This pertains to the variance of the random variable derived from least squares $$ \hat{\beta} = (X^TX)^{-1}X^TY $$
Note that $X \in R^{n \times p}$ is fixed and full rank and $Y \in R^{n \times 1}$ is random. Let's consider a case where $var(Y) = \sigma^2 I_{n \times n}$.
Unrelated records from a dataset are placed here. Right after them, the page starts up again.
definition weak_homotopy_equivalence ::
  "'a topology \<Rightarrow> 'b topology \<Rightarrow> ('a \<Rightarrow> 'b) \<Rightarrow> bool" where
  "weak_homotopy_equivalence X Y f \<longleftrightarrow>
     continuous_map X Y f \<and>
     (\<forall>n. \<forall>x\<in>topspace X.
        (\<forall>g. continuous_map (nsphere n) Y g \<and> g sphere_base = f x \<longrightarrow>
           (\<exists>h. continuous_map (nsphere n) X h \<and> h sphere_base = x \<and>
                homotopic_with (\<lambda>k. k sphere_base = f x) (nsphere n) Y (f \<circ> h) g)) \<and>
        (\<forall>h1 h2. continuous_map (nsphere n) X h1 \<and> h1 sphere_base = x \<and>
                 continuous_map (nsphere n) X h2 \<and> h2 sphere_base = x \<and>
                 homotopic_with (\<lambda>k. k sphere_base = f x) (nsphere n) Y (f \<circ> h1) (f \<circ> h2)
                 \<longrightarrow> homotopic_with (\<lambda>k. k sphere_base = x) (nsphere n) X h1 h2))"

definition poset_inclusion_weak_equivalence :: "'b set set \<Rightarrow> 'b set set \<Rightarrow> bool" where
  "poset_inclusion_weak_equivalence Q P \<longleftrightarrow> Q \<subseteq> P \<and>
     weak_homotopy_equivalence (realization (nerve Q)) (realization (nerve P)) id"

end

(*
  Write Q = K_X \<union> K_Y.  A chain c of P not contained in Q has a top simplex that lies neither
  in X nor in Y and hence meets A; the union G c of that trace on A with the top element of c
  inside Q is a simplex of K_X or K_Y, and G is monotone on chains.  In barycentric coordinates
  every point of the realization of the nerve of P is a combination of barycentres of chains;
  moving the barycentre of each chain c not in Q to the vertex G c retracts the realization of
  the nerve of P onto that of Q, and two straight-line homotopies through the prism over the
  barycentric subdivision (first to the top vertex of each such chain, then to G c) stay inside
  the nerve and fix the nerve of Q.  The realizations carry the coherent topology, so the
  retraction is only shown continuous on compact families, which is all that homotopy groups see.
*)
theory Submission
  imports Defs
begin
(* Consider a discrete-time last-come-first-serve (LCFS) G/G/1 queue with preemptive service: update packets are generated according to a renewal process whose inter-generation times are i.i.d. positive-integer-valued random variables distributed as $X$, and packet service times are i.i.d. positive-integer-valued random variables distributed as $S$, independent of the generation process. A newly generated packet immediately enters service, preempting (and discarding) any packet currently in service. Assume $\mathbb{P}(S\le X)>0$, where $X$ and $S$ are independent. Then the peak and average age are $$A^{\mathrm{p}} = \frac{\mathbb{E}[X]}{\mathbb{P}(S\le X)} + \frac{\mathbb{E}[S\,\mathbb{1}_{\{S\le X\}}]}{\mathbb{P}(S\le X)} - 1,$$ and $$A^{\mathrm{ave}} = \frac{1}{2}\frac{\mathbb{E}[X^2]}{\mathbb{E}[X]} + \frac{\mathbb{E}[\min(X,S)]}{\mathbb{P}(S\le X)} - \frac{1}{2}.$$
   Context: Time is slotted. Packets are generated (arrive) at the beginning of a time slot and finish service at the end of a time slot: a packet generated at the beginning of slot $Z$ with service time $S$ completes service at the end of slot $Z+S-1$ unless a new packet is generated at or before slot $Z+S-1$ (i.e., it completes iff its service time is at most the time until the next generation). The age process $A(t)$ is the age of information at the beginning of slot $t$; if the $i$th packet is generated at time $Y_i$, then $A(t+1)=A(t)+1$ if no packet completes service in slot $t$, and $A(t+1)=\min\{t-Y_i, A(t)\}+1$ if packet $i$ completes service in slot $t$. The peak age is $A^{\mathrm{p}}=\limsup_{T\to\infty}\frac{\sum_{t=1}^{T}A(t)\mathbb{1}_{\{A(t+1)\le A(t)\}}}{\sum_{t=1}^{T}\mathbb{1}_{\{A(t+1)\le A(t)\}}}$ and the average age is $A^{\mathrm{ave}}=\limsup_{T\to\infty}\frac{1}{T}\sum_{t=1}^{T}A(t)$. *)

theory Defs
  imports "HOL-Probability.Probability"
begin
lemma kuratowski_liminf_mono:
  assumes "\<And>n. A n \<subseteq> B n"
  shows "kuratowski_liminf A \<subseteq> kuratowski_liminf B"
proof
  fix x assume "x \<in> kuratowski_liminf A"
  then have "\<forall>\<^sub>F n in sequentially. \<exists>a\<in>A n. dist x a < e" if "e > 0" for e
    using that unfolding kuratowski_liminf_def by blast
  then have "\<forall>\<^sub>F n in sequentially. \<exists>a\<in>B n. dist x a < e" if "e > 0" for e
    using that assms by (blast intro: eventually_mono)
  then show "x \<in> kuratowski_liminf B"
    unfolding kuratowski_liminf_def by blast
qed

lemma kuratowski_liminf_subset_closed:
  assumes "closed S" "\<And>n. A n \<subseteq> S"
  shows "kuratowski_liminf A \<subseteq> S"
proof
  fix x assume x: "x \<in> kuratowski_liminf A"
  have "\<exists>a\<in>S. dist a x < e" if "e > 0" for e
  proof -
    have "\<forall>\<^sub>F n in sequentially. \<exists>a\<in>A n. dist x a < e"
      using x \<open>e > 0\<close> unfolding kuratowski_liminf_def by blast
    then obtain n where "\<exists>a\<in>A n. dist x a < e"
      using eventually_happens'[OF sequentially_bot] by blast
    then show ?thesis
      using assms(2) by (auto simp: dist_commute)
  qed
  then show "x \<in> S"
    using closure_approachable closure_closed[OF \<open>closed S\<close>] by blast
qed
(* Let $\mathcal{H}$ be a hypertree, $T$ a host tree of $\mathcal{H}$, and $B$ a basic set of $\mathcal{H}$. Then the number of edges $e$ of $T$ with $I_\mathcal{H}(e)=B$ equals $\alpha_B-1$.
   Context: A hypergraph $\mathcal{H}$ has a finite vertex set $V(\mathcal{H})$ and a finite family of nonempty subsets (edges). A host tree is a tree on $V(\mathcal{H})$ in which every edge induces a connected subgraph; a hypertree is a hypergraph with a host tree. For $V'\subseteq V(\mathcal{H})$, $I_\mathcal{H}(V')$ is the intersection of all edges containing $V'$, or $V(\mathcal{H})$ if none does; for a tree edge $e=xy$, $I_\mathcal{H}(e)=I_\mathcal{H}(\{x,y\})$. For $A\subseteq V(\mathcal{H})$, $\overline{\mathcal{H}_A}$ is the hypergraph on $V(\mathcal{H})$ whose edges are the edges of $\mathcal{H}$ not containing $A$. The 2-section of a hypergraph is the graph on its vertices where two distinct vertices are adjacent iff some edge contains both. For a basic set $B$, $A(B)$ is the set of connected components of the 2-section of $\overline{\mathcal{H}_B}$ containing at least one vertex of $B$, and $\alpha_B=|A(B)|$. A union of sets is connected if the intersection graph of the sets is connected. $Comp(\mathcal{H})$ is the hypergraph without repeated edges on $V(\mathcal{H})$ whose edges are $V(\mathcal{H})$, all singletons, and all proper subsets obtainable from edges of $\mathcal{H}$ by repeated nonempty intersections and connected unions; a basic set is an edge of $Comp(\mathcal{H})$ with more than one vertex that is not a connected union of strictly smaller edges of $Comp(\mathcal{H})$. *)

theory Defs
  imports Main
begin

text \<open>A hypergraph is given by a finite vertex set V and a family E of nonempty
subsets of V (repeated edges are irrelevant for all notions below).\<close>

definition hypergraph :: "'a set \<Rightarrow> 'a set set \<Rightarrow> bool" where
  "hypergraph V E \<longleftrightarrow> finite V \<and> (\<forall>e\<in>E. e \<noteq> {} \<and> e \<subseteq> V)"

definition adj_on :: "'a set set \<Rightarrow> 'a set \<Rightarrow> ('a \<times> 'a) set" where
  "adj_on T S = {(x, y). {x, y} \<in> T \<and> x \<in> S \<and> y \<in> S}"

definition induces_connected :: "'a set set \<Rightarrow> 'a set \<Rightarrow> bool" where
  "induces_connected T S \<longleftrightarrow> (\<forall>x\<in>S. \<forall>y\<in>S. (x, y) \<in> (adj_on T S)\<^sup>*)"

definition is_tree :: "'a set \<Rightarrow> 'a set set \<Rightarrow> bool" where
  "is_tree V T \<longleftrightarrow> finite V \<and>
     (\<forall>t\<in>T. \<exists>x y. t = {x, y} \<and> x \<noteq> y \<and> x \<in> V \<and> y \<in> V) \<and>
     induces_connected T V \<and> card T + 1 = card V"

definition host_tree :: "'a set \<Rightarrow> 'a set set \<Rightarrow> 'a set set \<Rightarrow> bool" where
  "host_tree V E T \<longleftrightarrow> is_tree V T \<and> (\<forall>e\<in>E. induces_connected T e)"

definition hypertree :: "'a set \<Rightarrow> 'a set set \<Rightarrow> bool" where
  "hypertree V E \<longleftrightarrow> hypergraph V E \<and> (\<exists>T. host_tree V E T)"

definition I_H :: "'a set \<Rightarrow> 'a set set \<Rightarrow> 'a set \<Rightarrow> 'a set" where
  "I_H V E V' = (if \<exists>e\<in>E. V' \<subseteq> e then \<Inter>{e\<in>E. V' \<subseteq> e} else V)"

definition edges_not_containing :: "'a set set \<Rightarrow> 'a set \<Rightarrow> 'a set set" where
  "edges_not_containing E A = {e\<in>E. \<not> A \<subseteq> e}"

definition two_section :: "'a set \<Rightarrow> 'a set set \<Rightarrow> ('a \<times> 'a) set" where
  "two_section V E = {(x, y). x \<in> V \<and> y \<in> V \<and> x \<noteq> y \<and> (\<exists>e\<in>E. x \<in> e \<and> y \<in> e)}"

definition components :: "'a set \<Rightarrow> 'a set set \<Rightarrow> 'a set set" where
  "components V E = {{y\<in>V. (x, y) \<in> (two_section V E)\<^sup>*} | x. x \<in> V}"

definition A_of :: "'a set \<Rightarrow> 'a set set \<Rightarrow> 'a set \<Rightarrow> 'a set set" where
  "A_of V E B = {C \<in> components V (edges_not_containing E B). C \<inter> B \<noteq> {}}"

definition alpha :: "'a set \<Rightarrow> 'a set set \<Rightarrow> 'a set \<Rightarrow> nat" where
  "alpha V E B = card (A_of V E B)"

definition connected_family :: "'a set set \<Rightarrow> bool" where
  "connected_family F \<longleftrightarrow>
     (\<forall>X\<in>F. \<forall>Y\<in>F. (X, Y) \<in> {(X, Y). X \<in> F \<and> Y \<in> F \<and> X \<inter> Y \<noteq> {}}\<^sup>*)"

inductive_set gen_sets :: "'a set set \<Rightarrow> 'a set set" for E where
  base: "e \<in> E \<Longrightarrow> e \<in> gen_sets E"
| inter: "X \<in> gen_sets E \<Longrightarrow> Y \<in> gen_sets E \<Longrightarrow> X \<inter> Y \<noteq> {} \<Longrightarrow> X \<inter> Y \<in> gen_sets E"
| union: "finite F \<Longrightarrow> F \<noteq> {} \<Longrightarrow> \<forall>X\<in>F. X \<in> gen_sets E \<Longrightarrow> connected_family F
          \<Longrightarrow> \<Union>F \<in> gen_sets E"

definition Comp :: "'a set \<Rightarrow> 'a set set \<Rightarrow> 'a set set" where
  "Comp V E = {V} \<union> {{v} | v. v \<in> V} \<union> {X \<in> gen_sets E. X \<subset> V}"

definition basic_set :: "'a set \<Rightarrow> 'a set set \<Rightarrow> 'a set \<Rightarrow> bool" where
  "basic_set V E B \<longleftrightarrow> B \<in> Comp V E \<and> card B > 1 \<and>
     \<not> (\<exists>F. F \<noteq> {} \<and> F \<subseteq> {X \<in> Comp V E. X \<subset> B} \<and> connected_family F \<and> \<Union>F = B)"

end

theory Submission
  imports Defs
begin

text \<open>Every member of \<open>Comp(H)\<close>, in particular \<open>B\<close>, induces a subtree of \<open>T\<close> that contains
  \<open>I(e)\<close> for each tree edge \<open>e\<close> inside it. Hence the tree edges
  \<open>e\<close> with \<open>I(e) = B\<close> are the \<open>|B| - 1\<close> tree edges inside \<open>B\<close> minus those covered by an
  edge of \<open>H\<close> not containing \<open>B\<close>. The covered ones form a forest on \<open>B\<close> whose components
  are exactly the traces on \<open>B\<close> of the components of the 2-section of the edges not containing
  \<open>B\<close>: such components are subtrees, intersections of subtrees are subtrees, and a tree edge
  inside a chained union of subtrees lies in one of them. A forest on \<open>|B|\<close> vertices with
  \<open>\<alpha>\<^sub>B\<close> components has \<open>|B| - \<alpha>\<^sub>B\<close> edges, which leaves \<open>\<alpha>\<^sub>B - 1\<close> edges.
  All counting rests on the fact that a subforest \<open>F\<close> of a tree satisfies
  \<open>|F| + #components = #vertices\<close>.\<close>

definition reach_class :: "'a set \<Rightarrow> ('a \<times> 'a) set \<Rightarrow> 'a \<Rightarrow> 'a set" where
  "reach_class S R x = {y\<in>S. (x, y) \<in> R\<^sup>*}"

lemma reach_class_self: "x \<in> S \<Longrightarrow> x \<in> reach_class S R x"
  by (simp add: reach_class_def)

lemma reach_class_subset: "reach_class S R x \<subseteq> S"
  by (auto simp: reach_class_def)

lemma reach_class_eqI:
  assumes "sym R" and "(x, y) \<in> R\<^sup>*"
  shows "reach_class S R x = reach_class S R y"
proof -
  have "(y, x) \<in> R\<^sup>*" using assms by (meson sym_rtrancl symD)
  then show ?thesis using assms(2) unfolding reach_class_def by (auto intro: rtrancl_trans)
qed

lemma reach_class_eqD:
  assumes "y \<in> S" and "reach_class S R x = reach_class S R y"
  shows "(x, y) \<in> R\<^sup>*"
  using assms reach_class_self[of y S R] by (auto simp: reach_class_def)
$$ \text{var}(\hat{\beta}) = \text{var}((X^TX)^{-1}X^TY) \\ = (X^TX)^{-1}X\text{var}(Y)X^T(X^TX)^{-1} \\ = (X^TX)^{-1}X\sigma^2 I X^T(X^TX)^{-1} \\ = \sigma^2(X_s^TX_s)^{-1} $$
So we derived this generically for some $X$ and $Y$ under the assumption that $var(Y) = \sigma^2 I_{n \times n}$.
Now let's consider a particular case where $X = X_s, Y = Y_s, var(Y_s) = \sigma_s^2 I$, we have $$ \hat{\beta_s} =(X_s^TX_s)^{-1}X_s^TY_s \\ \text{var}(\hat{\beta_s})= \sigma_s^2(X_s^TX_s)^{-1} $$
Now let's suppose we duplicate the above dataset, i.e., we have
$$ X_d = [X_s \ \ X_s]^T \\ Y_d = [Y_s \ \ Y_s]^T \\ $$
Then we have $$ \hat{\beta_d} = (X_d^TX_d)^{-1}X_d^TY_d \\ = (2X_s^TX_s)^{-1}2X_s^TY_s = \hat{\beta}_s $$
So the $\hat{\beta}$ for both is the same. Now for variance, we have
$$ var(\hat{\beta}_d) = \sigma_d^2 (X_d^TX_d)^{-1} \\ = \sigma_d^2 (2X_s^TX_s)^{-1} = \sigma_d^2 \frac{1}{2}(X_s^TX_s)^{-1} $$
My question is, how is $\sigma_d^2$ related to $\sigma_s^2$? Are they identical?